:: Instructions for the task ::
Would you filter these records and copy every line that has the word "ultimately"?
────────────────────────────────────────
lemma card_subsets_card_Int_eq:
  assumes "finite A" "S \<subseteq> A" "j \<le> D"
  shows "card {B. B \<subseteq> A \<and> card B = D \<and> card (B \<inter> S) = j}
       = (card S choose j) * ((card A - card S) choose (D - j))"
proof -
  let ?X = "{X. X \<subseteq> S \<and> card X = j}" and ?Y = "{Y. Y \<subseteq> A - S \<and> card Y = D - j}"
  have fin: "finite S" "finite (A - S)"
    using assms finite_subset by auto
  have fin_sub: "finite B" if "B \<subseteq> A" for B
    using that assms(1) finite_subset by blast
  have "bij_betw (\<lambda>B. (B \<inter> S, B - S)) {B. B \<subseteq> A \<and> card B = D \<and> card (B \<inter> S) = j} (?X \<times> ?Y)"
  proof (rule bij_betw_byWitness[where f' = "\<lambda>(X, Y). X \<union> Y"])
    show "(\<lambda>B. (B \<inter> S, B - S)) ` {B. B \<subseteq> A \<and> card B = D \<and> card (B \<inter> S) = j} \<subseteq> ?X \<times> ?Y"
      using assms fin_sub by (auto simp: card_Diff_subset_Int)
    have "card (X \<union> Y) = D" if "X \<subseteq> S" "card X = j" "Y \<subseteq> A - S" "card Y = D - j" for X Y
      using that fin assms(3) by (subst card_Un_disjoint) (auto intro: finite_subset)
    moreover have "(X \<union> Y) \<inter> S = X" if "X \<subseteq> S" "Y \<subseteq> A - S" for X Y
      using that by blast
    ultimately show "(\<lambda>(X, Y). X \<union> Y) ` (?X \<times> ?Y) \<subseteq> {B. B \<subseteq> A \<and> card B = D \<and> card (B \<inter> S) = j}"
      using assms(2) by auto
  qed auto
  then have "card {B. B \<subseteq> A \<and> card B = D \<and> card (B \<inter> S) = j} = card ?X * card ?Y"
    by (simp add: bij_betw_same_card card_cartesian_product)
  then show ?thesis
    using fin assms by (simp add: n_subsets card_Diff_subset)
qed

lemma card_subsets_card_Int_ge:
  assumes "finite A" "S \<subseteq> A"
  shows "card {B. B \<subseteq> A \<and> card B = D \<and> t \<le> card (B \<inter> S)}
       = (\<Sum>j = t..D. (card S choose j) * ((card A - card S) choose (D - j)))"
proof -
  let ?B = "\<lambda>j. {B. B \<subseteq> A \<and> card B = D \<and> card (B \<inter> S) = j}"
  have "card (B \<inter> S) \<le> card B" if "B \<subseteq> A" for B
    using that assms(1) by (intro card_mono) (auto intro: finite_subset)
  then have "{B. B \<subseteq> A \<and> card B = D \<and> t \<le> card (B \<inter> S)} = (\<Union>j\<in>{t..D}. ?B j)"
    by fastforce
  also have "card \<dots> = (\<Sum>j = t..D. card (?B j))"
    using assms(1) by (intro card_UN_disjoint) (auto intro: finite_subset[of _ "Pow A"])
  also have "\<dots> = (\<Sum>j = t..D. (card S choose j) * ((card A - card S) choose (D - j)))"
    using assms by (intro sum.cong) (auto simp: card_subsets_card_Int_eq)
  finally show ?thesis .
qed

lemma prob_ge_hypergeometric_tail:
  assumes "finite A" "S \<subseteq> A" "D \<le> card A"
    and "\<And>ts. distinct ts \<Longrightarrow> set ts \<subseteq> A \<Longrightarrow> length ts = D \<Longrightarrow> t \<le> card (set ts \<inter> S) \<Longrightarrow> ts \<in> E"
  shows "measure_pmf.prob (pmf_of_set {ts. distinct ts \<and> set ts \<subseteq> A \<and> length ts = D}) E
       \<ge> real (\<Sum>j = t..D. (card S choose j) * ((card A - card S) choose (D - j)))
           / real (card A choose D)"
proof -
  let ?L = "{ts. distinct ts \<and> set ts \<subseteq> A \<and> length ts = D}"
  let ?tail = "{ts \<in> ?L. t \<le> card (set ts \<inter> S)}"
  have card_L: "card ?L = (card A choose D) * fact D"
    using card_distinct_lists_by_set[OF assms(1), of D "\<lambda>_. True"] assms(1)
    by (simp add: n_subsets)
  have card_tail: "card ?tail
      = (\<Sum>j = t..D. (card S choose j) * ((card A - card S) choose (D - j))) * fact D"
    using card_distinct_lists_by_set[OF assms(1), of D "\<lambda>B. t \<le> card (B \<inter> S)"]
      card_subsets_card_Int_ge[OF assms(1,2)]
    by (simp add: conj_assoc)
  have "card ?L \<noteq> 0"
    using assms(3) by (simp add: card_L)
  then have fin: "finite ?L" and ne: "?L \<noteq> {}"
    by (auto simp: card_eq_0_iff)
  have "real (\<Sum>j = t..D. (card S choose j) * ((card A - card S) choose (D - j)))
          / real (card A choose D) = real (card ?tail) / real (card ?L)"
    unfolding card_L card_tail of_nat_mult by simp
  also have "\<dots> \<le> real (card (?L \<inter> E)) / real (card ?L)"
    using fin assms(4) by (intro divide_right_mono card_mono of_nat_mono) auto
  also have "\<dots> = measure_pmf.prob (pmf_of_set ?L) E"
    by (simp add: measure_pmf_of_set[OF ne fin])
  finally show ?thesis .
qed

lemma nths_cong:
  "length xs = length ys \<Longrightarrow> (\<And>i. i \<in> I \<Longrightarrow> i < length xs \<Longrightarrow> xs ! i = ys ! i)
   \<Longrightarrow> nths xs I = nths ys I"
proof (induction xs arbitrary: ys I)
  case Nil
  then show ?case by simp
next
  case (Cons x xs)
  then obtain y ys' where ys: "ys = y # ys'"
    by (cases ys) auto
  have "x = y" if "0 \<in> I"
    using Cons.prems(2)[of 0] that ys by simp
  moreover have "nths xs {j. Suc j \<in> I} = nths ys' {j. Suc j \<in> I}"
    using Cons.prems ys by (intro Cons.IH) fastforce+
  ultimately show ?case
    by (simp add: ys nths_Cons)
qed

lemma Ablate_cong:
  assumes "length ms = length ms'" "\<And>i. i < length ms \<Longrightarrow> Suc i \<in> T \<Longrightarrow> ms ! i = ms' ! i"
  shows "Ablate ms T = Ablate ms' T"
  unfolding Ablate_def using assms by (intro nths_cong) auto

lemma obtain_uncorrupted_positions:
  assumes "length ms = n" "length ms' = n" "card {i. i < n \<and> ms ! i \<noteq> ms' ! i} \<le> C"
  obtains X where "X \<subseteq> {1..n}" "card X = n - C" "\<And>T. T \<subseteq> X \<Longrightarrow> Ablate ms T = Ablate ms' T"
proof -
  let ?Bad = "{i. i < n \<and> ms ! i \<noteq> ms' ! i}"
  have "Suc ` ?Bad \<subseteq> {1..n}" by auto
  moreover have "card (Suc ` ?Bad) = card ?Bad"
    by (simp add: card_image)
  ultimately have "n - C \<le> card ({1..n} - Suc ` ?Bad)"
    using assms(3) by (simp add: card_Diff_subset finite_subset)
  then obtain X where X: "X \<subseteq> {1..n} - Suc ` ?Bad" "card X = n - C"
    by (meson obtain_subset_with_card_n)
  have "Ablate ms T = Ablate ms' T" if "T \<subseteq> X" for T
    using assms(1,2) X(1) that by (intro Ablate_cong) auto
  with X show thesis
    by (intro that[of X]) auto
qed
────────────────────────────────────────
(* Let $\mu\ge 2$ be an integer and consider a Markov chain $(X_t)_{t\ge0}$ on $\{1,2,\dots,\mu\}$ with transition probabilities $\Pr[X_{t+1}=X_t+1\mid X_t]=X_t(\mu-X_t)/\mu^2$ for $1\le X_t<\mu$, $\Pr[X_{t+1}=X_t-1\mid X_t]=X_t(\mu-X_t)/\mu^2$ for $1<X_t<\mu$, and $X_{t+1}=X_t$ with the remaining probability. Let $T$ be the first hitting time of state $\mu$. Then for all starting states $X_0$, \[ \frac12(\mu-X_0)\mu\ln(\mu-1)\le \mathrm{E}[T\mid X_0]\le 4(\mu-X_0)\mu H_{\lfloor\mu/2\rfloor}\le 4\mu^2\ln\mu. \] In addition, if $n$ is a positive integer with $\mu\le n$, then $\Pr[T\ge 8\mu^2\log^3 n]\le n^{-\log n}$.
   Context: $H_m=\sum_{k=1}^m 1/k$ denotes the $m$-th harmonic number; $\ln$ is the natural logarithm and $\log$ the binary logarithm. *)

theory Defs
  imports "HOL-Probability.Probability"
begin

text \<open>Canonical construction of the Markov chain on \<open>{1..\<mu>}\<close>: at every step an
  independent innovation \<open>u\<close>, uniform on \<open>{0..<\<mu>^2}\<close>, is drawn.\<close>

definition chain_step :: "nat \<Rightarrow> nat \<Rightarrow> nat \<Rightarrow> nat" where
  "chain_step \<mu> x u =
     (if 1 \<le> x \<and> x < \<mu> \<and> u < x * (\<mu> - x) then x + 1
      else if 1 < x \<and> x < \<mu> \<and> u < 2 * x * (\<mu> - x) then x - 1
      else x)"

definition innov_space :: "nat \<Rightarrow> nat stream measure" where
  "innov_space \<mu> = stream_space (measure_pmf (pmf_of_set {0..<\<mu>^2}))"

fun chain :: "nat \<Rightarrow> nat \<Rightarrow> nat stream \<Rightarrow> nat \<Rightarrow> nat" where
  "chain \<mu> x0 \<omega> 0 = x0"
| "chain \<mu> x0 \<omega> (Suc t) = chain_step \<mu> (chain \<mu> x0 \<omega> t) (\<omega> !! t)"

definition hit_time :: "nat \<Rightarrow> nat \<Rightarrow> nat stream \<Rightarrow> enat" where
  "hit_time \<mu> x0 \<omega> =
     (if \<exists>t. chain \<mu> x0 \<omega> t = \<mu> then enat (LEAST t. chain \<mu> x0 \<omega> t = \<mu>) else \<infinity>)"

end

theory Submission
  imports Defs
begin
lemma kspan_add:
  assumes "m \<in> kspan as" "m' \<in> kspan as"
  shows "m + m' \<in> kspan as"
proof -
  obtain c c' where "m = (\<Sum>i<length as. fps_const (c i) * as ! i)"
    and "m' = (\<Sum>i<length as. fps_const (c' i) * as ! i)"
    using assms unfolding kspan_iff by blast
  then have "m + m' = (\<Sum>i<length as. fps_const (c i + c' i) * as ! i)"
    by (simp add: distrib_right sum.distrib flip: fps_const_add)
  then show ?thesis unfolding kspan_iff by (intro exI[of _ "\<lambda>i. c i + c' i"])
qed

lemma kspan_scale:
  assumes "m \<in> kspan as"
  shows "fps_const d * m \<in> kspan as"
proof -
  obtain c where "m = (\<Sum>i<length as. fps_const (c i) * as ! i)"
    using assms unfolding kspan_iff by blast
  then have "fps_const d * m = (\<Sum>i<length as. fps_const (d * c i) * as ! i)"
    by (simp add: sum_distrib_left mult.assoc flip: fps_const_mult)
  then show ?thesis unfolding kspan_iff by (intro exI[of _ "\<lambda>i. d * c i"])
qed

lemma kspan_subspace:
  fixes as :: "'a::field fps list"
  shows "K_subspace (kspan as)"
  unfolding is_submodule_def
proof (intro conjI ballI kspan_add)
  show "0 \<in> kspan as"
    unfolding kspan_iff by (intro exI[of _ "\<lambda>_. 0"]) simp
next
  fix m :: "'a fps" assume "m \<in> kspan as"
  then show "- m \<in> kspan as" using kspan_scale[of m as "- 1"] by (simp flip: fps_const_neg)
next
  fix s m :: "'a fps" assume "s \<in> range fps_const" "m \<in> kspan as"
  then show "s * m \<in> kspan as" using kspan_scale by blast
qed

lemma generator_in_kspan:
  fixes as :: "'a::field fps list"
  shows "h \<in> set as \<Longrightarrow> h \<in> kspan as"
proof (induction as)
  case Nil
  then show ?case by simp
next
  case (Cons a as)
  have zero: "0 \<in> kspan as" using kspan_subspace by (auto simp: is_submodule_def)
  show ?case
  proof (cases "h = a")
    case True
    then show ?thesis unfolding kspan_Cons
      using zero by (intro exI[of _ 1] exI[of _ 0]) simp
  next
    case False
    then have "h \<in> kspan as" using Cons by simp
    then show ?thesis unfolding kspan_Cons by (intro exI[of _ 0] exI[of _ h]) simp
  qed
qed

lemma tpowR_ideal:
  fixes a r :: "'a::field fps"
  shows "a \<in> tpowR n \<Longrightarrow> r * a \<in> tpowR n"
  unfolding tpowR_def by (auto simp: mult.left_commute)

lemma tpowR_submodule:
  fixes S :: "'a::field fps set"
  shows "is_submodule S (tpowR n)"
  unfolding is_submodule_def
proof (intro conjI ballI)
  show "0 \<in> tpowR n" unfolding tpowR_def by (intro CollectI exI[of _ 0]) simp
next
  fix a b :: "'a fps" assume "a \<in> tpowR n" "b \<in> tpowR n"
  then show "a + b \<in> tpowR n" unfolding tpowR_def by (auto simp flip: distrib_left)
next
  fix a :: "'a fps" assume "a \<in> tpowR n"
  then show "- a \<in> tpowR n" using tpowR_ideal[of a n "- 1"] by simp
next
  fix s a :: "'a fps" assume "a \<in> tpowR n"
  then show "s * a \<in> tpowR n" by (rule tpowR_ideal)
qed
────────────────────────────────────────
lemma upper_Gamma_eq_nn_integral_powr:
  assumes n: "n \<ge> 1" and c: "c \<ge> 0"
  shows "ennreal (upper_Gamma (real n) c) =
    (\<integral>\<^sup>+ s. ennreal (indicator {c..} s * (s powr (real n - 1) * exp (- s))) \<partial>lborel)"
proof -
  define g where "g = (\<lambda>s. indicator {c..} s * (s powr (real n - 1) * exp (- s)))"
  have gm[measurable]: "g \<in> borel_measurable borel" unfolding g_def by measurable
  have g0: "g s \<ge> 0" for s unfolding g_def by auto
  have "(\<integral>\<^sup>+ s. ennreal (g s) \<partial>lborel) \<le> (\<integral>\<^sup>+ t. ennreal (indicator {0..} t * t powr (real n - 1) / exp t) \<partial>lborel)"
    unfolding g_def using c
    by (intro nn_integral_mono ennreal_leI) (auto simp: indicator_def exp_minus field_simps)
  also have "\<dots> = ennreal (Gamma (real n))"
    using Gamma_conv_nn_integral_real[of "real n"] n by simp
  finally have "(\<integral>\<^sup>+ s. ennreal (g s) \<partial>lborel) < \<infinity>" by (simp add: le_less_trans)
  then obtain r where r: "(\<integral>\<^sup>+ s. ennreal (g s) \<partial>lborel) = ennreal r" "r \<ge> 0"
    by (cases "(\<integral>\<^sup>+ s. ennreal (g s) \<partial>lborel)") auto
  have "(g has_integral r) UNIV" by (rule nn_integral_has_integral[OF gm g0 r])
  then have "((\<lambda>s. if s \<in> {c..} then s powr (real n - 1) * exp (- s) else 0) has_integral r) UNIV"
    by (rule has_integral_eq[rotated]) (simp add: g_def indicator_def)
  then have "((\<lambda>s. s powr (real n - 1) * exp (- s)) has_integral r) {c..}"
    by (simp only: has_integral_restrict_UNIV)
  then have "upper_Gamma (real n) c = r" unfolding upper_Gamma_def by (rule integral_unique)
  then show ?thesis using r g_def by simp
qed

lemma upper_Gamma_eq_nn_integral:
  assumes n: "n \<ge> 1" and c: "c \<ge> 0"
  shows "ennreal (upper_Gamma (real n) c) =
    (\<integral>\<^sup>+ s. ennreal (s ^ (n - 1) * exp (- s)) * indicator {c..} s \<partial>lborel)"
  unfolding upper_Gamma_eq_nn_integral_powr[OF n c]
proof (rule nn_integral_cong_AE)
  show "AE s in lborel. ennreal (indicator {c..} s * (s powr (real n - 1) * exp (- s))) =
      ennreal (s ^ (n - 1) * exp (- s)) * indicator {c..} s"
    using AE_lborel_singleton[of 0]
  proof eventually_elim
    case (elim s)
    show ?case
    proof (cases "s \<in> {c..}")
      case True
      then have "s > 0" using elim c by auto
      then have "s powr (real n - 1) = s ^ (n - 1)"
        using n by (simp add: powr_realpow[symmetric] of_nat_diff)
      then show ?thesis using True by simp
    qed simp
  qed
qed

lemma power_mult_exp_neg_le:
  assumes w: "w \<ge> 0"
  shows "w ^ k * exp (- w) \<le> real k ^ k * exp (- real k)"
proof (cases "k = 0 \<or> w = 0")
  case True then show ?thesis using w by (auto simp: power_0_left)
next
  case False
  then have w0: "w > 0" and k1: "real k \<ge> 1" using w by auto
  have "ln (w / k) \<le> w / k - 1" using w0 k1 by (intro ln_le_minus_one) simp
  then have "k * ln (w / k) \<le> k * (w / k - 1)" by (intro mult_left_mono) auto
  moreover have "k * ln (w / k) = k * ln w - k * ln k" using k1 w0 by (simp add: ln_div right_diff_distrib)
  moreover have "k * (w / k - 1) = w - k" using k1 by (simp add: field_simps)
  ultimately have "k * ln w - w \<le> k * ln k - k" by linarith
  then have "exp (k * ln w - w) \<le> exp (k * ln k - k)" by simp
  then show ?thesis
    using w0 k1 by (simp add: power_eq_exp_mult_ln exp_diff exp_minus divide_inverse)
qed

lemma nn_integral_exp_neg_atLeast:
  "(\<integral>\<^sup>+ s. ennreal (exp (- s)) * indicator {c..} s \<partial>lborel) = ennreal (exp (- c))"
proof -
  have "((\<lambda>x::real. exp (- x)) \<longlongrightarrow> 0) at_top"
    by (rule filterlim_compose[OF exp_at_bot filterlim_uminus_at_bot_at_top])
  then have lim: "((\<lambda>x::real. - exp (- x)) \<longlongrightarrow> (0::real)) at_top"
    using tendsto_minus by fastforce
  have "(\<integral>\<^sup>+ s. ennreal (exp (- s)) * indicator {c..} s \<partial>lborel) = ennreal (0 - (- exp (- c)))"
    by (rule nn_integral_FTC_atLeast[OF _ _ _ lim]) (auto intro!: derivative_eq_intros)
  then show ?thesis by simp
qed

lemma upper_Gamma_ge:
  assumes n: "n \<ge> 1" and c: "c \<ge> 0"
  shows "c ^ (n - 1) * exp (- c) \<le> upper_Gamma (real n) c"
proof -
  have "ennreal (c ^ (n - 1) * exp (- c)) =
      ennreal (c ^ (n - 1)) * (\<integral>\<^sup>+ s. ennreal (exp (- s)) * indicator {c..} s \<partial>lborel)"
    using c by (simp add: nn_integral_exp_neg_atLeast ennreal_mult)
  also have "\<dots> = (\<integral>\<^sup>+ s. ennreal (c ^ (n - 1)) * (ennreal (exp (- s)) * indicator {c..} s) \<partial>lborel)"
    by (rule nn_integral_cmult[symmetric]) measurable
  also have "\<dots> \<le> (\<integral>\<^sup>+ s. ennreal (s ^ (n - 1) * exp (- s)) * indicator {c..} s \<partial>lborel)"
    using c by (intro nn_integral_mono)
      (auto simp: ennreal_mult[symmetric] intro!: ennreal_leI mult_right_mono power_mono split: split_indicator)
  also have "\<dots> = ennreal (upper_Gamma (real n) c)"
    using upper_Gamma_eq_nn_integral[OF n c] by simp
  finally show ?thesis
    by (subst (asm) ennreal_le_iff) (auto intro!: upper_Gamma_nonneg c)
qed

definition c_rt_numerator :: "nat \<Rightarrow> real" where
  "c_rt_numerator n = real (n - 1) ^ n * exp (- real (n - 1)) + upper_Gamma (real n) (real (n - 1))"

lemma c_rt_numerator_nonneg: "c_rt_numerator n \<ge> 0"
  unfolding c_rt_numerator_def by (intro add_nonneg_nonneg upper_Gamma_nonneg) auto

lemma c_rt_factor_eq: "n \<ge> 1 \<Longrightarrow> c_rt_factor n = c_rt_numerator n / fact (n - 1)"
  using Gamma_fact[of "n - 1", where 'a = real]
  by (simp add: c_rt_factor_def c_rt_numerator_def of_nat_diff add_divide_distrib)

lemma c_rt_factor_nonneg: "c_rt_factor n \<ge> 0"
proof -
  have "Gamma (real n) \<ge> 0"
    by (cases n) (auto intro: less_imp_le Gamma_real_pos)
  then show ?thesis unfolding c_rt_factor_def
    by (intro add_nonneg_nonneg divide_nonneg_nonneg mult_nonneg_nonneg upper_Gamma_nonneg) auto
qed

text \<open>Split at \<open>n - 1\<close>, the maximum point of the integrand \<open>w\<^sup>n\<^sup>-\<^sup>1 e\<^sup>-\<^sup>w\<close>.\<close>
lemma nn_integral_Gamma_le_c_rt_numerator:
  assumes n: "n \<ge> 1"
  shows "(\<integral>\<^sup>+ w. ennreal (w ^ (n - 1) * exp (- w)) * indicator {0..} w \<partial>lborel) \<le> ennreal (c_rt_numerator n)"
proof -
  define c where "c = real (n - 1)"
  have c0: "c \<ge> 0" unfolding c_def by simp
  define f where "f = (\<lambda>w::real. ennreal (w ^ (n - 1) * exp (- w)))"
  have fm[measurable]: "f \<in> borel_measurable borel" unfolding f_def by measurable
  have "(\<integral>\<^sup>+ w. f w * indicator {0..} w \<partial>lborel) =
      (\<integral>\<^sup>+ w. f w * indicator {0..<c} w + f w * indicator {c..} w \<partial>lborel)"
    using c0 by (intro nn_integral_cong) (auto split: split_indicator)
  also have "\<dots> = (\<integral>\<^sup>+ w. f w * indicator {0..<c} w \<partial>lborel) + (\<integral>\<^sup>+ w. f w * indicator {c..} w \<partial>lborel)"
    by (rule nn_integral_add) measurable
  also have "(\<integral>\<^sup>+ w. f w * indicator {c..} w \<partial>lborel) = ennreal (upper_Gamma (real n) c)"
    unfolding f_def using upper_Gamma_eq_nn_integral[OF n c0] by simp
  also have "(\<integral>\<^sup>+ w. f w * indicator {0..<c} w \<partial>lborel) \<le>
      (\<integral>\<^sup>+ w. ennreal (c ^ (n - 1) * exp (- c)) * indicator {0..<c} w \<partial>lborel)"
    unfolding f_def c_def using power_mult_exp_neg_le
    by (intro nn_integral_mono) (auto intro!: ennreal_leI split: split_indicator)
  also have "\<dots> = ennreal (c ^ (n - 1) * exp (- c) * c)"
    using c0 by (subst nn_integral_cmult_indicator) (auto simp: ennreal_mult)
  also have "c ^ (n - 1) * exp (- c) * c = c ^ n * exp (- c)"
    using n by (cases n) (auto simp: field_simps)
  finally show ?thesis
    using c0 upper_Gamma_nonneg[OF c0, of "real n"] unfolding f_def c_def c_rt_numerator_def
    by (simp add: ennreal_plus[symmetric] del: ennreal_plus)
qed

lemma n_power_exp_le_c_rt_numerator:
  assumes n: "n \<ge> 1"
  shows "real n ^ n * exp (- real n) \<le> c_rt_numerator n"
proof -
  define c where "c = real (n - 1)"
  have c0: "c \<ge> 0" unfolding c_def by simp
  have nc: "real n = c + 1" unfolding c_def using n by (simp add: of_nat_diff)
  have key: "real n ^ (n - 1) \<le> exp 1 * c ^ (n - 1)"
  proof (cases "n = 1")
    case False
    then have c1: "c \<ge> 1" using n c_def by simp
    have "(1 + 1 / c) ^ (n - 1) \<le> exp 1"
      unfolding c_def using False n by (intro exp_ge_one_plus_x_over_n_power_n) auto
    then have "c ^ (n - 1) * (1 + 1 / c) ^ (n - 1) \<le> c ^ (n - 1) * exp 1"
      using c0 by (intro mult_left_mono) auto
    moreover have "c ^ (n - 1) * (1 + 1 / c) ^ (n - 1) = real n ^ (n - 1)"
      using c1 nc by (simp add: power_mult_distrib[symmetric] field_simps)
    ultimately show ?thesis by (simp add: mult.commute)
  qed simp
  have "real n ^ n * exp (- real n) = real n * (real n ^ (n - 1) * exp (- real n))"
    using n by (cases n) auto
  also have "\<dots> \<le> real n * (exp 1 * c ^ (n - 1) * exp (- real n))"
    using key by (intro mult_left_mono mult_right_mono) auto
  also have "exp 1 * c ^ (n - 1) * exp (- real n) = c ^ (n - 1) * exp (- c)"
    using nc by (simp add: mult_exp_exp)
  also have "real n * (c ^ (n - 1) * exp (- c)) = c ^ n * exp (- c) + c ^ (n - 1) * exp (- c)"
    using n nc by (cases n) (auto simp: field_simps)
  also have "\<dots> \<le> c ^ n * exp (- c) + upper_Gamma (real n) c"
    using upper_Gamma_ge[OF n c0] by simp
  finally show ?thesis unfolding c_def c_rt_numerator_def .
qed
────────────────────────────────────────
:: Exercise result ::
    ultimately show "(\<lambda>(X, Y). X \<union> Y) ` (?X \<times> ?Y) \<subseteq> {B. B \<subseteq> A \<and> card B = D \<and> card (B \<inter> S) = j}"
  ultimately show ?case
  ultimately have "n - C \<le> card ({1..n} - Suc ` ?Bad)"
  ultimately have "k * ln w - w \<le> k * ln k - k" by linarith
    ultimately show ?thesis by (simp add: mult.commute)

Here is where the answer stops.